Scientists are searching for a mirror universe using Adafruit parts @NBCNewsMACH @leahjbroussard #Adafruit #Magnetometer #Sensors @Adafruit
Via NBC News MACH, at Oak Ridge National Laboratory in eastern Tennessee, physicist Leah Broussard is trying to open a portal to a parallel universe.
She calls it an “oscillation” that would lead her to “mirror matter,” but the idea is fundamentally the same. In a series of experiments she plans to run at Oak Ridge this summer, Broussard will send a beam of subatomic particles down a 50-foot tunnel, past a powerful magnet and into an impenetrable wall. If the setup is just right — and if the universe cooperates — some of those particles will transform into mirror-image versions of themselves, allowing them to tunnel right through the wall. And if that happens, Broussard will have uncovered the first evidence of a mirror world right alongside our own.
“It’s pretty wacky,” Broussard says of her mind-bending exploration.
The mirror world, assuming it exists, would have its own laws of mirror-physics and its own mirror-history. You wouldn’t find a mirror version of yourself there (and no evil Spock with a goatee — sorry “Star Trek” fans).

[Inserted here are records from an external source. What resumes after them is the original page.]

(* Let $\mathcal{C}$ be a quasicategory with markings $W_0\subseteq W$, where $W$ is weakly closed under composition, and let $F\colon(\mathcal{C},W)\to(\mathcal{C},W_0)$ be a marked endofunctor (i.e. an endomorphism of $\mathcal{C}$ sending $W$ into $W_0$). (1) If $(\mathcal{C},W_0)$ has the right lifting property against $\{\mathrm{LJ}^n_k\hookrightarrow\mathrm{L}^n_k \mid n\ge2,\ 0<k\le n\}$ and there exists a marked homotopy $\alpha\colon(\mathcal{C},W)\times(\Delta^1)^\sharp\to(\mathcal{C},W)$ from $\mathrm{id}$ to $F$, then $(\mathcal{C},W)$ satisfies CLF. (2) If $(\mathcal{C},W_0)$ has the right lifting property against $\{\mathrm{RJ}^n_k\hookrightarrow\mathrm{R}^n_k\mid n\ge2,\ 0\le k<n\}$ and there exists a marked homotopy $\alpha\colon(\mathcal{C},W)\times(\Delta^1)^\sharp\to(\mathcal{C},W)$ from $F$ to $\mathrm{id}$, then $(\mathcal{C},W)$ satisfies CRF.
   Context: A marked simplicial set is a pair $(X,W)$ where $X$ is a simplicial set and $W \subseteq X_1$ contains all degenerate $1$-simplices; marked maps preserve marked $1$-simplices. $(\Delta^1)^\sharp$ is $\Delta^1$ with all $1$-simplices marked; products of marked simplicial sets are marked at pairs of marked $1$-simplices. A marked homotopy from $f$ to $g$ is a marked map $\alpha\colon (X,W)\times(\Delta^1)^\sharp\to(X',W')$ with $\alpha|_{X\times\{0\}}=f$, $\alpha|_{X\times\{1\}}=g$. Posets are regarded as simplicial sets via the nerve; $[n]=\{0<\dots<n\}$. For $n\ge 0$, $0\le k\le n$, $\mathrm{L}^n_k$ is the nerve of the poset of subsets $A\subseteq[n]$ with $k\in A$, ordered by inclusion, where $A_0\subseteq A_1$ is marked iff $\max A_0=\max A_1$; $\mathrm{LJ}^n_k\subseteq \mathrm{L}^n_k$ is the maximal simplicial subset not containing the vertex $[n]$. $\mathrm{R}^n_k$ is the nerve of the opposite poset (arrows $A_0\to A_1$ when $A_0\supseteq A_1$), where $A_0\supseteq A_1$ is marked iff $\min A_0=\min A_1$; $\mathrm{RJ}^n_k\subseteq\mathrm{R}^n_k$ is the maximal simplicial subset omitting the vertex $[n]$. $W$ is weakly closed under composition if every map $\Lambda^2_1\to X$ with both edges marked extends to a $2$-simplex all of whose edges are marked. A marked quasicategory $(\mathcal{C},W)$ satisfies CLF if $W$ is weakly closed under composition and it has the right lifting property against all $\mathrm{LJ}^n_k\hookrightarrow\mathrm{L}^n_k$ ($n\ge2$, $0<k\le n$); it satisfies CRF if $W$ is weakly closed under composition and it has the right lifting property against all $\mathrm{RJ}^n_k\hookrightarrow\mathrm{R}^n_k$ ($n\ge2$, $0\le k<n$). *)

theory Defs
  imports Main
begin

text \<open>A simplicial set is given by its sets of n-simplices and by the action of
  every monotone map theta : [m] -> [n] (represented as a function nat => nat,
  only its values on 0..m matter), sending n-simplices to m-simplices.\<close>

record 'a sset =
  ssimp :: "nat \<Rightarrow> 'a set"
  smap  :: "nat \<Rightarrow> nat \<Rightarrow> (nat \<Rightarrow> nat) \<Rightarrow> 'a \<Rightarrow> 'a"

definition mono_map :: "nat \<Rightarrow> nat \<Rightarrow> (nat \<Rightarrow> nat) \<Rightarrow> bool" where
  "mono_map m n \<theta> \<longleftrightarrow> (\<forall>i\<le>m. \<theta> i \<le> n) \<and> (\<forall>i j. i \<le> j \<longrightarrow> j \<le> m \<longrightarrow> \<theta> i \<le> \<theta> j)"

definition sset :: "'a sset \<Rightarrow> bool" where
  "sset X \<longleftrightarrow>
     (\<forall>m n \<theta> x. mono_map m n \<theta> \<longrightarrow> x \<in> ssimp X n \<longrightarrow> smap X m n \<theta> x \<in> ssimp X m) \<and>
     (\<forall>n x. x \<in> ssimp X n \<longrightarrow> smap X n n id x = x) \<and>
     (\<forall>l m n \<psi> \<theta> x. mono_map l m \<psi> \<longrightarrow> mono_map m n \<theta> \<longrightarrow> x \<in> ssimp X n \<longrightarrow>
         smap X l m \<psi> (smap X m n \<theta> x) = smap X l n (\<theta> \<circ> \<psi>) x) \<and>
     (\<forall>m n \<theta> \<theta>' x. mono_map m n \<theta> \<longrightarrow> (\<forall>i\<le>m. \<theta> i = \<theta>' i) \<longrightarrow> x \<in> ssimp X n \<longrightarrow>
         smap X m n \<theta> x = smap X m n \<theta>' x)"

definition ssmap :: "'a sset \<Rightarrow> 'b sset \<Rightarrow> (nat \<Rightarrow> 'a \<Rightarrow> 'b) \<Rightarrow> bool" where
  "ssmap X Y f \<longleftrightarrow>
     (\<forall>n x. x \<in> ssimp X n \<longrightarrow> f n x \<in> ssimp Y n) \<and>
     (\<forall>m n \<theta> x. mono_map m n \<theta> \<longrightarrow> x \<in> ssimp X n \<longrightarrow>
         f m (smap X m n \<theta> x) = smap Y m n \<theta> (f n x))"

definition subsset :: "'a sset \<Rightarrow> (nat \<Rightarrow> 'a set) \<Rightarrow> 'a sset" where
  "subsset X S = \<lparr>ssimp = S, smap = smap X\<rparr>"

But current theory allows that you might find mirror atoms and mirror rocks, maybe even mirror planets and stars. Collectively, they could form an entire shadow world, just as real as our own but almost completely cut off from us.
An important challenge for disappearance and regeneration searches is the implementation of the magnetic field control system. To render inhomogeneities in the magnetic field negligible, ideally the magnetic field would need to be determined to better than a few mG. The spatial and temporal nonuniformity of the current (pre-upgrade/somewhat magnetic) collimation section of beamline was studied using an array of HMC5883L magnetometer boards, read out by an Arduino Uno and Raspberry Pi 3.
The typical temporal variation (FWHM) was measured to be up to 10 mG, limited by noise in the system. Short duration changes in the field as large as 1 G were observed due to changing experimental conditions in the GP-SANS or neighboring beamlines; these periods could be vetoed during data-taking. The magnitude of the magnetic field varies by up to 500 mG along most of the beamline, but increases significantly near the beamline exit.